I have a data-set with 1 continuous independent variable and several categorical variables, how can I find the most important categorical variable?


I have a data-set which consists of 1 continuous (although it can be discrete if I choose to round up the values) dependent variable Y and several categorical and discrete data columns that may or may not have an effect on Y.
Y, in this case, is not normally distributed so to check if a given categorical data-column/independent variable has a significant effect on Y a Kruskal-Wallis test can be used.

However, my objective is to find out which categorical data-column is the most important one, that is has the most significant effect on Y.

Could someone please point me in the right direction, which statistical test/analysis is applicable here?


TS Contributor
Y, in this case, is not normally distributed
This is irrelevant for the general linear model (analysis of variance, linear regression). It is assumed that the residuals from the model are from a normal distribution. And even this is not important if sample size is large enough (n > 30 or so, cf. central limit theorem). How large is your sample size?

As to your other problem: what is the topic of your study, and what are your variables, what do they contain?

With kind regards

Last edited:
Hi Karabiner

I'll use a generic example (since I cannot share my data-set), let Y be the lifetime of a certain type of machine. A given machine has a lot of other information associated with it such as material, the factory that runs it, the conditions it runs in etc. These serve as the predictor variables of Y. Some of them are categorical and some assume numerical values.

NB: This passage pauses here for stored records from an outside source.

(* Let $\mathcal F$ be a family of finite graphs and let $I_{\mathcal F}\colon T_{\mathrm{Graph}}\leadsto\mathrm{Forb}_{T_{\mathrm{Graph}}}(\mathcal F)$ be the axiom-adding interpretation, where $\mathrm{Forb}_{T_{\mathrm{Graph}}}(\mathcal F)$ is the theory of graphs containing no induced copy of any member of $\mathcal F$. If $\mathcal F$ contains a complete graph, then $$\chi(I_{\mathcal F})=\max\bigl(\{\ell\in\mathbb{N}_+:\mathcal F\text{ contains no complete $\ell$-partite graph}\}\cup\{0\}\bigr)+1=\min\{\ell\in\mathbb{N}_+:\mathcal F\text{ contains a complete $\ell$-partite graph}\};$$ otherwise $\chi(I_{\mathcal F})=\infty$.
   Context: A complete graph is $K_n$ for some $n\ge 0$ (all pairs of distinct vertices adjacent). A graph $G$ is complete $\ell$-partite if there exists a function $f\colon V(G)\to[\ell]$ (not necessarily surjective, so parts may be empty) such that distinct vertices $v,w$ are adjacent iff $f(v)\neq f(w)$. Membership of a graph in $\mathcal F$ is up to isomorphism. For $T=\mathrm{Forb}_{T_{\mathrm{Graph}}}(\mathcal F)$ and $I=I_{\mathcal F}$, $I(N)=N$ and $\chi(I)=\sup(\{\ell\in\mathbb{N}_+:\forall n\in\mathbb{N}\ \exists N\in\mathcal M_n[T],\ T_{n,\ell}\subseteq I(N)\}\cup\{0\})+1$, where $\mathcal M_n[T]$ is the set of $n$-vertex models of $T$ up to isomorphism, $T_{n,\ell}$ is the complete $\ell$-partite graph on $n$ vertices with parts of sizes $\lfloor n/\ell\rfloor$ or $\lceil n/\ell\rceil$, and $G\subseteq H$ means there is an injection $V(G)\to V(H)$ mapping edges to edges. *)

theory Defs
  imports Main "HOL-Library.Extended_Nat"
begin

text \<open>Finite simple graphs: a vertex set together with an adjacency relation.
  Vertices are natural numbers (every finite graph is isomorphic to one of these).\<close>
type_synonym graph = "nat set \<times> (nat \<Rightarrow> nat \<Rightarrow> bool)"

definition verts :: "graph \<Rightarrow> nat set" where "verts G = fst G"
definition adj :: "graph \<Rightarrow> nat \<Rightarrow> nat \<Rightarrow> bool" where "adj G = snd G"

definition is_graph :: "graph \<Rightarrow> bool" where
  "is_graph G \<longleftrightarrow> finite (verts G)
     \<and> (\<forall>x y. adj G x y \<longrightarrow> x \<in> verts G \<and> y \<in> verts G)
     \<and> (\<forall>x y. adj G x y \<longrightarrow> adj G y x)
     \<and> (\<forall>x. \<not> adj G x x)"

definition induced_sub :: "graph \<Rightarrow> graph \<Rightarrow> bool" where
  "induced_sub G H \<longleftrightarrow> (\<exists>f. inj_on f (verts G) \<and> f ` verts G \<subseteq> verts H
     \<and> (\<forall>x\<in>verts G. \<forall>y\<in>verts G. adj G x y \<longleftrightarrow> adj H (f x) (f y)))"
lemma delayed_recursion_geometric_bound:
  fixes e :: "int \<Rightarrow> real"
  assumes "n \<ge> 1" "0 \<le> \<kappa>" "0 \<le> \<beta>" "0 \<le> c" "0 < \<gamma>" "\<gamma> \<le> 1"
    and rate: "\<kappa> + \<beta> * real (n - 1) \<le> \<gamma> ^ n"
    and init: "\<And>t. t \<le> 0 \<Longrightarrow> e t \<le> c"
    and rec: "\<And>t. t \<ge> 0 \<Longrightarrow> e (t + 1) \<le> \<kappa> * e t + \<beta> * (\<Sum>l\<in>{1..<n}. e (t - int l))"
  shows "e s \<le> c * \<gamma> ^ nat s"
proof (induction "nat s" arbitrary: s rule: less_induct)
  case less
  show ?case
  proof (cases "s \<le> 0")
    case True
    then show ?thesis using init by simp
  next
    case False
    define t where "t = s - 1"
    define N where "N = nat (s - int n)"
    have lag: "e (t - int l) \<le> c * \<gamma> ^ N" if "l < n" for l
    proof -
      have "e (t - int l) \<le> c * \<gamma> ^ nat (t - int l)"
        using False by (intro less.hyps) (auto simp: t_def)
      also have "\<dots> \<le> c * \<gamma> ^ N"
        using that assms(4-6) by (intro mult_left_mono power_decreasing) (auto simp: N_def t_def)
      finally show ?thesis .
    qed
    have "e s \<le> \<kappa> * e t + \<beta> * (\<Sum>l\<in>{1..<n}. e (t - int l))"
      using rec[of t] False by (simp add: t_def)
    also have "\<dots> \<le> \<kappa> * (c * \<gamma> ^ N) + \<beta> * (\<Sum>l\<in>{1..<n}. c * \<gamma> ^ N)"
      using lag[of 0] lag assms(1-3) by (intro add_mono mult_left_mono sum_mono) auto
    also have "\<dots> = (\<kappa> + \<beta> * real (n - 1)) * (c * \<gamma> ^ N)"
      by (simp add: algebra_simps)
    also have "\<dots> \<le> c * \<gamma> ^ (N + n)"
      using mult_right_mono[OF rate, of "c * \<gamma> ^ N"] assms(4,5) by (simp add: power_add algebra_simps)
    also have "\<dots> \<le> c * \<gamma> ^ nat s"
      using assms(4-6) by (intro mult_left_mono power_decreasing) (auto simp: N_def)
    finally show ?thesis .
  qed
qed
(* Let $G$ be a connected plane (multi)graph with at least two vertices such that every internal vertex and every internal face has degree at least $4$. Let $b$ be the number of external vertices. Then the average degree of the external vertices of $G$ is at most $3-\frac{4}{b}$. In particular, $G$ has an external vertex of degree less than $3$.
   Context: A plane graph is a finite planar graph with a fixed embedding in the plane. The external face is the unbounded face; other faces are internal. A vertex is external if it lies on the boundary of the external face, and internal otherwise. The degree of a face is its degree as a vertex of the dual graph, i.e. the number of edges on its boundary counted with multiplicity. *)

theory Defs
  imports Complex_Main "HOL-Combinatorics.Orbits" "HOL-Combinatorics.Permutations"
begin

text \<open>Connected plane multigraphs are represented combinatorially by combinatorial maps
(rotation systems): a finite set D of darts (half-edges), a fixed-point-free involution
alpha on D pairing the two darts of each edge, and a permutation sigma on D giving the
cyclic order of darts around each vertex. Loops and parallel
edges are allowed. The map is connected if the group generated by alpha and sigma acts
transitively on D, and it is plane (genus 0) iff V - E + F = 2.\<close>

definition map_verts :: "'a set \<Rightarrow> ('a \<Rightarrow> 'a) \<Rightarrow> 'a set set" where
  "map_verts D \<sigma> = {orbit \<sigma> d | d. d \<in> D}"

definition map_edges :: "'a set \<Rightarrow> ('a \<Rightarrow> 'a) \<Rightarrow> 'a set set" where
  "map_edges D \<alpha> = {orbit \<alpha> d | d. d \<in> D}"

definition map_faces :: "'a set \<Rightarrow> ('a \<Rightarrow> 'a) \<Rightarrow> ('a \<Rightarrow> 'a) \<Rightarrow> 'a set set" where
  "map_faces D \<alpha> \<sigma> = {orbit (\<sigma> \<circ> \<alpha>) d | d. d \<in> D}"

definition comb_map :: "'a set \<Rightarrow> ('a \<Rightarrow> 'a) \<Rightarrow> ('a \<Rightarrow> 'a) \<Rightarrow> bool" where
  "comb_map D \<alpha> \<sigma> \<longleftrightarrow> finite D \<and> \<alpha> permutes D \<and> \<sigma> permutes D \<and>
     (\<forall>d\<in>D. \<alpha> d \<noteq> d \<and> \<alpha> (\<alpha> d) = d)"

definition map_connected :: "'a set \<Rightarrow> ('a \<Rightarrow> 'a) \<Rightarrow> ('a \<Rightarrow> 'a) \<Rightarrow> bool" where
  "map_connected D \<alpha> \<sigma> \<longleftrightarrow>
     (\<forall>d\<in>D. \<forall>e\<in>D. (d, e) \<in> ({(x, \<alpha> x) | x. x \<in> D} \<union> {(x, \<sigma> x) | x. x \<in> D})\<^sup>*)"

definition plane_map :: "'a set \<Rightarrow> ('a \<Rightarrow> 'a) \<Rightarrow> ('a \<Rightarrow> 'a) \<Rightarrow> bool" where
  "plane_map D \<alpha> \<sigma> \<longleftrightarrow> comb_map D \<alpha> \<sigma> \<and> map_connected D \<alpha> \<sigma> \<and>
     int (card (map_verts D \<sigma>)) - int (card (map_edges D \<alpha>)) + int (card (map_faces D \<alpha> \<sigma>)) = 2"

text \<open>Degree of a vertex = number of darts at it (loops count twice); degree of a face =
length of its boundary walk = number of darts in its orbit. Given the external face f0,
a vertex is external iff one of its darts lies on the boundary walk of f0.\<close>

definition ext_verts :: "'a set \<Rightarrow> ('a \<Rightarrow> 'a) \<Rightarrow> 'a set \<Rightarrow> 'a set set" where
  "ext_verts D \<sigma> f0 = {v \<in> map_verts D \<sigma>. v \<inter> f0 \<noteq> {}}"

end

theory Submission
  imports Defs
begin

text \<open>Double counting of darts: vertex degrees, face degrees and twice the number of edges
all sum to the number n of darts. Internal vertices and internal faces contribute at least 4
each, and the outer face has at least b darts since every external vertex owns one of them.
Hence 4 (V - b) + S \<le> n and 4 (F - 1) + b \<le> n, where S is the degree sum of the external
vertices. Adding these and using Euler's formula V + F = n / 2 + 2 gives S \<le> 3 b - 4.\<close>

lemma orbits_eq_if_common_mem:
  assumes "permutation p" "x \<in> orbit p a" "x \<in> orbit p b"
  shows "orbit p a = orbit p b"
  using assms by (metis cyclic_on_orbit' orbit_cyclic_eq3)

lemma sum_card_orbits:
  assumes "finite S" "p permutes S"
  shows "(\<Sum>X\<in>{orbit p x | x. x \<in> S}. card X) = card S"
proof -
  let ?O = "{orbit p x | x. x \<in> S}"
  have perm: "permutation p"
    using assms by (rule permutes_imp_permutation)
  have "\<Union> ?O = S"
    using permutes_orbit_subset[OF assms(2)] permutation_self_in_orbit[OF perm] by blast
  moreover have "pairwise disjnt ?O"
    unfolding pairwise_def disjnt_def using orbits_eq_if_common_mem[OF perm] by blast
  moreover have "\<forall>X\<in>?O. finite X"
    using permutes_orbit_subset[OF assms(2)] assms(1) finite_subset by blast
  ultimately show ?thesis
    using card_Union_disjoint[of ?O] by simp
qed

lemma orbit_involution:
  assumes "f (f x) = x"
  shows "orbit f x = {x, f x}"
proof
  show "orbit f x \<subseteq> {x, f x}"
  proof
    fix y assume "y \<in> orbit f x"
    then show "y \<in> {x, f x}" by induct (use assms in auto)
  qed
  show "{x, f x} \<subseteq> orbit f x"
    using orbit.base[of f x] orbit.step[of "f x" f x] assms by auto
qed

lemma sum_ge_card_diff_bound:
  fixes f :: "'a \<Rightarrow> nat"
  assumes "finite A" "B \<subseteq> A" "\<forall>x\<in>A - B. k \<le> f x"
  shows "k * card (A - B) + sum f B \<le> sum f A"
proof -
  have "k * card (A - B) \<le> sum f (A - B)"
    using sum_mono[of "A - B" "\<lambda>_. k" f] assms(3) by (simp add: mult.commute)
  then show ?thesis
    using sum.subset_diff[OF assms(2,1), of f] by simp
qed

lemma comb_map_sum_card_verts:
  "comb_map D \<alpha> \<sigma> \<Longrightarrow> (\<Sum>v\<in>map_verts D \<sigma>. card v) = card D"
  unfolding comb_map_def map_verts_def by (simp add: sum_card_orbits)

lemma comb_map_sum_card_faces:
  "comb_map D \<alpha> \<sigma> \<Longrightarrow> (\<Sum>f\<in>map_faces D \<alpha> \<sigma>. card f) = card D"
  unfolding comb_map_def map_faces_def by (simp add: sum_card_orbits permutes_compose)

lemma comb_map_card_edges:
  assumes "comb_map D \<alpha> \<sigma>"
  shows "2 * card (map_edges D \<alpha>) = card D"
proof -
  have "card e = 2" if "e \<in> map_edges D \<alpha>" for e
    using that assms orbit_involution[of \<alpha>]
    unfolding map_edges_def comb_map_def by auto
  then have "(\<Sum>e\<in>map_edges D \<alpha>. card e) = 2 * card (map_edges D \<alpha>)"
    by simp
  moreover have "(\<Sum>e\<in>map_edges D \<alpha>. card e) = card D"
    using assms unfolding comb_map_def map_edges_def by (simp add: sum_card_orbits)
  ultimately show ?thesis by simp
qed

lemma comb_map_face_subset:
  assumes "comb_map D \<alpha> \<sigma>" "f \<in> map_faces D \<alpha> \<sigma>"
  shows "f \<subseteq> D"
proof -
  obtain d where d: "d \<in> D" "f = orbit (\<sigma> \<circ> \<alpha>) d"
    using assms(2) unfolding map_faces_def by blast
  have "\<sigma> \<circ> \<alpha> permutes D"
    using assms(1) permutes_compose unfolding comb_map_def by blast
  from permutes_orbit_subset[OF this d(1)] d(2) show ?thesis by simp
qed

lemma ext_verts_eq_image:
  assumes "finite D" "\<sigma> permutes D" "f0 \<subseteq> D"
  shows "ext_verts D \<sigma> f0 = orbit \<sigma> ` f0"
proof -
  have perm: "permutation \<sigma>"
    using assms(1,2) by (rule permutes_imp_permutation)
  have "v \<in> orbit \<sigma> ` f0" if v: "v \<in> ext_verts D \<sigma> f0" for v
  proof -
    obtain d x where "v = orbit \<sigma> d" "x \<in> v" "x \<in> f0"
      using v unfolding ext_verts_def map_verts_def by blast
    then have "v = orbit \<sigma> x"
      using orbits_eq_if_common_mem[OF perm] permutation_self_in_orbit[OF perm] by metis
    with \<open>x \<in> f0\<close> show ?thesis by blast
  qed
  moreover have "orbit \<sigma> x \<in> ext_verts D \<sigma> f0" if "x \<in> f0" for x
    using that assms(3) permutation_self_in_orbit[OF perm, of x]
    unfolding ext_verts_def map_verts_def by blast
  ultimately show ?thesis by blast
qed

lemma comb_map_ext_verts:
  assumes "comb_map D \<alpha> \<sigma>" "f0 \<in> map_faces D \<alpha> \<sigma>"
  shows "card (ext_verts D \<sigma> f0) \<le> card f0" and "card (ext_verts D \<sigma> f0) > 0"
proof -
  have D: "finite D" "\<sigma> permutes D"
    using assms(1) unfolding comb_map_def by auto
  have f0: "f0 \<subseteq> D"
    using comb_map_face_subset[OF assms] .
  then have "finite f0"
    using D(1) finite_subset by blast
  moreover have "f0 \<noteq> {}"
    using assms(2) orbit_nonempty[of "\<sigma> \<circ> \<alpha>"] by (auto simp: map_faces_def)
  ultimately show "card (ext_verts D \<sigma> f0) \<le> card f0" "card (ext_verts D \<sigma> f0) > 0"
    unfolding ext_verts_eq_image[OF D f0] by (simp_all add: card_image_le card_gt_0_iff)
qed

lemma plane_map_ext_degree_sum_le:
  assumes "plane_map D \<alpha> \<sigma>"
    and "f0 \<in> map_faces D \<alpha> \<sigma>"
    and "\<forall>v\<in>map_verts D \<sigma>. v \<notin> ext_verts D \<sigma> f0 \<longrightarrow> card v \<ge> 4"
    and "\<forall>f\<in>map_faces D \<alpha> \<sigma>. f \<noteq> f0 \<longrightarrow> card f \<ge> 4"
  shows "(\<Sum>v\<in>ext_verts D \<sigma> f0. card v) + 4 \<le> 3 * card (ext_verts D \<sigma> f0)"
proof -
  let ?V = "map_verts D \<sigma>" and ?E = "map_edges D \<alpha>" and ?F = "map_faces D \<alpha> \<sigma>"
    and ?B = "ext_verts D \<sigma> f0"
  have cm: "comb_map D \<alpha> \<sigma>"
    and euler: "int (card ?V) - int (card ?E) + int (card ?F) = 2"
    using assms(1) unfolding plane_map_def by auto
  have fin: "finite ?V" "finite ?F"
    using cm unfolding comb_map_def map_verts_def map_faces_def by auto
  have BV: "?B \<subseteq> ?V"
    unfolding ext_verts_def by blast
  have verts: "4 * card (?V - ?B) + (\<Sum>v\<in>?B. card v) \<le> card D"
    using sum_ge_card_diff_bound[OF fin(1) BV, of 4 card] assms(3)
    by (simp add: comb_map_sum_card_verts[OF cm])
  have faces: "4 * card (?F - {f0}) + card f0 \<le> card D"
    using sum_ge_card_diff_bound[of ?F "{f0}" 4 card] fin(2) assms(2,4)
    by (simp add: comb_map_sum_card_faces[OF cm])
  have "card ?F \<ge> 1"
    using fin(2) assms(2) by (metis One_nat_def Suc_leI card_gt_0_iff empty_iff)
  then show ?thesis
    using verts faces euler comb_map_card_edges[OF cm] comb_map_ext_verts(1)[OF cm assms(2)]
      card_Diff_subset[OF finite_subset[OF BV fin(1)] BV] card_mono[OF fin(1) BV]
      card_Diff_singleton[OF assms(2)]
    by linarith
qed

theorem lemma6p4:
  fixes D :: "'a set" and \<alpha> \<sigma> :: "'a \<Rightarrow> 'a" and f0 :: "'a set"
  assumes "plane_map D \<alpha> \<sigma>"
    and "f0 \<in> map_faces D \<alpha> \<sigma>"
    and "card (map_verts D \<sigma>) \<ge> 2"
    and "\<forall>v\<in>map_verts D \<sigma>. v \<notin> ext_verts D \<sigma> f0 \<longrightarrow> card v \<ge> 4"
    and "\<forall>f\<in>map_faces D \<alpha> \<sigma>. f \<noteq> f0 \<longrightarrow> card f \<ge> 4"
  shows "((\<Sum>v\<in>ext_verts D \<sigma> f0. real (card v)) / real (card (ext_verts D \<sigma> f0))
           \<le> 3 - 4 / real (card (ext_verts D \<sigma> f0)))
           \<and> (\<exists>v\<in>ext_verts D \<sigma> f0. card v < 3)"
proof -
  let ?B = "ext_verts D \<sigma> f0"
  have key: "(\<Sum>v\<in>?B. card v) + 4 \<le> 3 * card ?B"
    using plane_map_ext_degree_sum_le[OF assms(1,2,4,5)] .
  have b_pos: "card ?B > 0"
    using assms(1,2) comb_map_ext_verts(2) unfolding plane_map_def by blast
  have "(\<Sum>v\<in>?B. real (card v)) \<le> 3 * real (card ?B) - 4"
    using key by (simp flip: of_nat_sum)
  then have average: "(\<Sum>v\<in>?B. real (card v)) / real (card ?B) \<le> 3 - 4 / real (card ?B)"
    using b_pos by (simp add: field_simps)
  have "\<exists>v\<in>?B. card v < 3"
  proof (rule ccontr)
    assume "\<not> (\<exists>v\<in>?B. card v < 3)"
    then have "3 * card ?B \<le> (\<Sum>v\<in>?B. card v)"
      using sum_mono[of ?B "\<lambda>_. 3" card] by (simp add: not_less mult.commute)
    then show False using key by linarith
  qed
  with average show ?thesis by blast
qed

end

There are 138 measurements.

The measurements are also not independent due to repetitions. You can have multiple measurements for the same machine.

All the best


TS Contributor
I do not fully understand your design, I'm afraid. For example,
The measurements are also not independent due to repetitions, what this means.
I hesitate to deal with generic examples instead of the true study, because many
times something important is missing.
Your sample size was again not stated.

Maybe someone else here has got a clue.

With kind regards